If you are a new mom and just received a T-21 diagnosis, I hope the small amount of information I share will help you in some way. Every time I was looking for information on google, I would get bombarded with all the health problems associated with the diagnosis, the amount of work they would be, the life change I would need to make, the support groups that were offered, and the many many doctors visits I would need to have during my pregnancy. There were chat rooms with moms debating on having an amniocentesis done, to chat rooms with moms waiting for their diagnosis, to moms super excited they received a false positive and their baby was going to be completely “normal and perfect” ( as if my son isn’t). Everything seemed so just plain sad and depressing! Ugh!! 


I’m here to tell you a different story. Not everyone has the same story I do. Some moms DO have an extremely difficult path with their child, but so far I have not. Our family has had nothing but joy, love and closeness since Grayson came into our world! I think his birth bonded our family in ways I can’t even describe. 

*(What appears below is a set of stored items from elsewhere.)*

lemma S1_chord_bound:
  assumes x: "mink x x = 1" and "p \<in> S1" "q \<in> S1" "mink p x = 0" "mink q x = 0"
  shows "(dist p q)^2 * (1 + (x$3)^2) \<le> 4"
proof -
  have X: "x$1^2 + x$2^2 = 1 + x$3^2" using x by (simp add: mink_def power2_eq_square)
  have pq: "p$1^2 + p$2^2 = 1" "q$1^2 + q$2^2 = 1" "p$3 = 1" "q$3 = 1"
    "x$1*p$1 + x$2*p$2 = x$3" "x$1*q$1 + x$2*q$2 = x$3"
    using assms by (auto simp: mink_def S1_def algebra_simps)
  \<comment> \<open>Lagrange's identity in the plane: the cross products of \<open>(x$1, x$2)\<close> with \<open>p\<close> and \<open>q\<close>
    have square \<open>(1 + x$3^2) - x$3^2 = 1\<close>, and the inner product with \<open>q - p\<close> vanishes\<close>
  have lagrange: "(a1^2 + a2^2) * (b1^2 + b2^2) = (a1*b1 + a2*b2)^2 + (a1*b2 - a2*b1)^2"
    for a1 a2 b1 b2 :: real by (simp add: power2_eq_square algebra_simps)
  define Cp where "Cp = x$1*p$2 - x$2*p$1"
  define Cq where "Cq = x$1*q$2 - x$2*q$1"
  have "Cp^2 = 1" "Cq^2 = 1"
    using lagrange[of "x$1" "x$2" "p$1" "p$2"] lagrange[of "x$1" "x$2" "q$1" "q$2"] X pq
    by (simp_all add: Cp_def Cq_def)
  moreover have "(Cq - Cp)^2 + (Cq + Cp)^2 = 2 * Cq^2 + 2 * Cp^2"
    by (simp add: power2_eq_square algebra_simps)
  ultimately have "(Cq - Cp)^2 \<le> 4" by (smt (verit) zero_le_power2)
  have "x$1*(q$1 - p$1) + x$2*(q$2 - p$2) = 0" using pq by (simp add: algebra_simps)
  moreover have "x$1*(q$2 - p$2) - x$2*(q$1 - p$1) = Cq - Cp" by (simp add: Cp_def Cq_def algebra_simps)
  ultimately have "(1 + x$3^2) * ((q$1 - p$1)^2 + (q$2 - p$2)^2) = (Cq - Cp)^2"
    using lagrange[of "x$1" "x$2" "q$1 - p$1" "q$2 - p$2"] X by simp
  moreover have "(dist p q)^2 = (q$1 - p$1)^2 + (q$2 - p$2)^2"
    using pq by (simp add: dist_norm norm_sq_vec3 power2_commute)
  ultimately show ?thesis using \<open>(Cq - Cp)^2 \<le> 4\<close> by (simp add: mult.commute)
qed

lemma unstable_plane_estimate:
  fixes x q :: "real^3"
  assumes plane: "mink x x = 1" "q \<in> S1" "mink x q = 0"
    and \<epsilon>: "0 < \<epsilon>" "\<epsilon>^2 * (1 + (x$3)^2) \<le> 4"
    and lam: "0 \<le> lam" "lam \<le> 1"
    and y: "norm (a *\<^sub>R x + b *\<^sub>R q) < \<delta> * \<epsilon> / 4"
  shows "norm (a *\<^sub>R x + (lam * b) *\<^sub>R q) < \<delta>"
proof -
  define y where "y = a *\<^sub>R x + b *\<^sub>R q"
  have "\<epsilon>^2 \<le> \<epsilon>^2 * (1 + (x$3)^2)" by (simp add: mult_le_cancel_left1)
  then have "\<epsilon>^2 \<le> 2^2" using \<epsilon>(2) by simp
  then have "\<epsilon> \<le> 2" by (rule power2_le_imp_le) simp
  have "0 < \<delta> * \<epsilon>" using y norm_ge_zero[of y] unfolding y_def by linarith
  then have "0 < \<delta>" using \<epsilon>(1) by (simp add: zero_less_mult_iff)
  then have "\<delta> * \<epsilon> \<le> \<delta> * 2" using \<open>\<epsilon> \<le> 2\<close> by simp
  then have ny: "norm y < \<delta>" using y \<open>0 < \<delta>\<close> unfolding y_def by linarith
  \<comment> \<open>the \<open>x\<close>-component of \<open>y\<close> is controlled by \<open>norm y\<close>, up to the factor \<open>norm x \<le> 2 sqrt 2 / \<epsilon>\<close>\<close>
  have "(norm (a *\<^sub>R x))^2 * \<epsilon>^2 = a^2 * ((1 + 2 * x$3^2) * \<epsilon>^2)"
    using norm_sq_spacelike_S1_plane[OF plane, of a 0] by (simp add: power2_eq_square algebra_simps)
  also have "\<dots> \<le> (norm y)^2 * 8"
  proof (rule mult_mono)
    show "a^2 \<le> (norm y)^2"
      using norm_sq_spacelike_S1_plane[OF plane, of a b] unfolding y_def by simp
    have "(1 + 2 * x$3^2) * \<epsilon>^2 = 2 * (\<epsilon>^2 * (1 + x$3^2)) - \<epsilon>^2" by (simp add: algebra_simps)
    then show "(1 + 2 * x$3^2) * \<epsilon>^2 \<le> 8" using \<epsilon>(2) zero_le_power2[of \<epsilon>] by linarith
  qed auto
  also have "\<dots> < (\<delta> * \<epsilon> / 4)^2 * 8"
    using y unfolding y_def by (intro mult_strict_right_mono power_strict_mono) auto
  also have "\<dots> \<le> \<delta>^2 * \<epsilon>^2"
    by (simp add: power_mult_distrib power_divide)
  finally have "(norm (a *\<^sub>R x))^2 < \<delta>^2" using \<epsilon>(1) by simp
  then have nx: "norm (a *\<^sub>R x) < \<delta>" using \<open>0 < \<delta>\<close> by (simp add: power2_less_imp_less)
  have "a *\<^sub>R x + (lam * b) *\<^sub>R q = lam *\<^sub>R y + (1 - lam) *\<^sub>R (a *\<^sub>R x)"
    by (simp add: y_def algebra_simps)
  also have "norm \<dots> \<le> norm (lam *\<^sub>R y) + norm ((1 - lam) *\<^sub>R (a *\<^sub>R x))"
    by (rule norm_triangle_ineq)
  also have "\<dots> = lam * norm y + (1 - lam) * norm (a *\<^sub>R x)"
    using lam by (simp only: norm_scaleR abs_of_nonneg diff_ge_0_iff_ge)
  also have "\<dots> < \<delta>"
    using ny nx lam by (intro convex_bound_lt) auto
  finally show ?thesis .
qed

I’m no expert by far, BUT I am a woman who loves to share! No Down Side is me sharing. My experiences, my fears, my questions, my joys and my dreams for my son and our family.  If I can help just ONE woman ease her fear about having a child with Down Syndrome, and show her how amazing and blessed the child she is carrying, and how blessed she will be because of him/her, then mission accomplished! 


6 thoughts on “No Down Side….

  1. Michelle, Nurys shared this on Facebook. Although we are not Facebook friends (who cares!) it’s always so nice to see you. But more importantly, thank you for writing this. Anytime anyone of us shares our vulnerability and fears, it makes me feel like we are not alone. There is bravery in honesty. Keep being you!